Когда-то в Украине был кинематограф. В 70-х годах прошлого столетия работа кипела особенно бурно. В павильонах, помнивших Дзигу Вертова и Александра Довженко, не сквозняк гулял, яко же ныне, а сновали люди, воздух грели софиты, гримерки и монтажки гудели, как улей. И пусть художественные фильмы украинского производства на «Оскар» не номинировались, эфир все же был заполнен собственным продуктом достойного качества. Особенно хороша была анимация и документальное кино. «Врунгеля» и сегодня любо-дорого смотреть, равно, как и многое другое. Мне же вспоминается один научно-популярный фильм по социальной психологии производства 1971 года. Называется фильм «Я и другие». Режиссер — Феликс Соболев из Харькова. Психолог, ставивший эксперименты в кадре — россиянка Валерия Сергеевна Мухина. На лицо — плодотворный союз, иллюстрировавший когда-то популярный лозунг об украино-российской дружбе: «Навеки вместе». В фильме разыгрываются модели социального поведения, приводятся примеры манипуляции сознанием и влияния коллектива на личность. Очень отрезвляющее зрелище. В сети фильм есть, и пытливый зритель без особых трудов найдет его при желании. А я вам напою Карузо на кухне, как умею.

Было у отца два сына

С этих слов может начинаться сказка, может — библейская притча. В ответ на веление отца идти и работать в винограднике, один сын говорит «иду», но не идет. А другой говорит «не пойду», но потом, раскаившись, идет и работает. И в притче о блудном сыне оба брата противостоят друг другу, как ночь и день. Младший обижает отца и губит свою часть имения, а старший верно и неотлучно служит родителю, но нет в нем ни любви, ни жалости, а одна только обида и зависть. Так получается, что куда ни глянь, если есть два брата, то отношения между ними драматичны и противоречивы. Каин поднимает руку на Авеля, Иаков крадет у Исава первородство, Фарес и Зара устраивают борьбу в утробе Фамари за право родиться первым. И если смотреть на дело с библейской точки зрения, то вряд ли захочется лепить «братство» вместе с «равенстовм» и «свободой» внутри одного революционного лозунга.

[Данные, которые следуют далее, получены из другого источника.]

lemma smooth_norm_add_le:
  fixes s h :: "'v::real_inner"
  assumes A: "A > 0" and h: "norm h \<le> c"
  shows "smooth_norm A (s + h) \<le> smooth_norm A s + inner s h / smooth_norm A s + c\<^sup>2 / (2 * sqrt A)"
proof -
  define a where "a = smooth_norm A s"
  define b where "b = 2 * inner s h + (norm h)\<^sup>2"
  have a: "a > 0" "sqrt A \<le> a"
    using smooth_norm_pos[OF A] sqrt_le_smooth_norm[of A] A by (auto simp: a_def)
  have a2: "a\<^sup>2 = (norm s)\<^sup>2 + A"
    unfolding a_def smooth_norm_def using A by (simp add: add_nonneg_pos)
  have norm_add: "(norm (s + h))\<^sup>2 = (norm s)\<^sup>2 + b"
    unfolding b_def by (simp add: power2_norm_eq_inner inner_add_left inner_add_right inner_commute)
  have "smooth_norm A (s + h) = sqrt (a\<^sup>2 + b)"
    unfolding smooth_norm_def a2 norm_add by (simp add: algebra_simps)
  also have "\<dots> \<le> a + b / (2 * a)"
  proof (rule real_le_lsqrt)
    have "0 \<le> (norm s)\<^sup>2 + 2 * A + (norm (s + h))\<^sup>2" using A by simp
    also have "\<dots> = 2 * a\<^sup>2 + b" unfolding a2 norm_add by simp
    also have "\<dots> = 2 * a * (a + b / (2 * a))"
      using a by (simp add: field_simps power2_eq_square)
    finally show "0 \<le> a + b / (2 * a)" using a by (simp add: zero_le_mult_iff)
    show "a\<^sup>2 + b \<le> (a + b / (2 * a))\<^sup>2"
      using a by (simp add: power2_eq_square field_simps)
  qed
  also have "b / (2 * a) = inner s h / a + (norm h)\<^sup>2 / (2 * a)"
    using a unfolding b_def by (simp add: field_simps)
  also have "(norm h)\<^sup>2 / (2 * a) \<le> c\<^sup>2 / (2 * sqrt A)"
    using a h A by (intro frac_le power_mono) auto
  finally show ?thesis unfolding a_def by simp
qed
(* If $\lambda$ is weakly compact, then $\lambda$ satisfies the strong system property.
   Context: Let $\lambda$ be an infinite regular cardinal. A relation $R$ is tree-like if $a<_R c$ and $b<_R c$ imply $a,b$ are $R$-comparable ($a=b$, $a<_Rb$ or $b<_Ra$). A $\lambda$-system is $S=\langle\{\{\alpha\}\times\kappa_\alpha\mid\alpha\in I\},\mathcal{R}\rangle$ with $I\subseteq\lambda$ unbounded, $0<\kappa_\alpha<\lambda$, levels $S_\alpha=\{\alpha\}\times\kappa_\alpha$ (and $S$ also denotes their union), $\mathcal{R}$ a set of binary transitive tree-like relations on $S$ with $|\mathcal{R}|<\lambda$, such that $(\alpha_0,\beta_0)<_R(\alpha_1,\beta_1)$ implies $\alpha_0<\alpha_1$, and for all $\alpha_0<\alpha_1$ in $I$ some elements of $S_{\alpha_0}$, $S_{\alpha_1}$ are related by some $R\in\mathcal{R}$. It is strong if for all $\alpha_0<\alpha_1$ in $I$ and every $\beta_1<\kappa_{\alpha_1}$ there are $\beta_0<\kappa_{\alpha_0}$ and $R\in\mathcal{R}$ with $(\alpha_0,\beta_0)<_R(\alpha_1,\beta_1)$. $\langle I\times\kappa,\mathcal{R}\rangle$ denotes a system with all $\kappa_\alpha=\kappa$. A branch through $R$ is a set of pairwise $R$-comparable elements; it is cofinal if it meets $S_\alpha$ for unboundedly many $\alpha\in I$. $\lambda$ satisfies the strong system property if every strong $\lambda$-system $S=\langle I\times\kappa,\mathcal{R}\rangle$ with $|\mathcal{R}|^+<\lambda$ has a cofinal branch. *)

theory Defs
  imports Main
begin

unbundle cardinal_syntax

Было два сына и у того отца, которого яркими красками написал незабвенный Гоголь. Разумеем Тараса Бульбу и детей его — Остапа и Андрея. Эти двое тоже антагонисты под стать библейским. Одна у них кровь, одна утроба их выносила, на одной лавке в бурсе они выслушивали уроки, сдобренные тумаками, но разные у них характеры и судьбы. А обратить на это внимание стоит потому, что написанное Гоголем не есть «слова, слова...», а работа с глубинными архетипами, действующими на больших исторических просторах.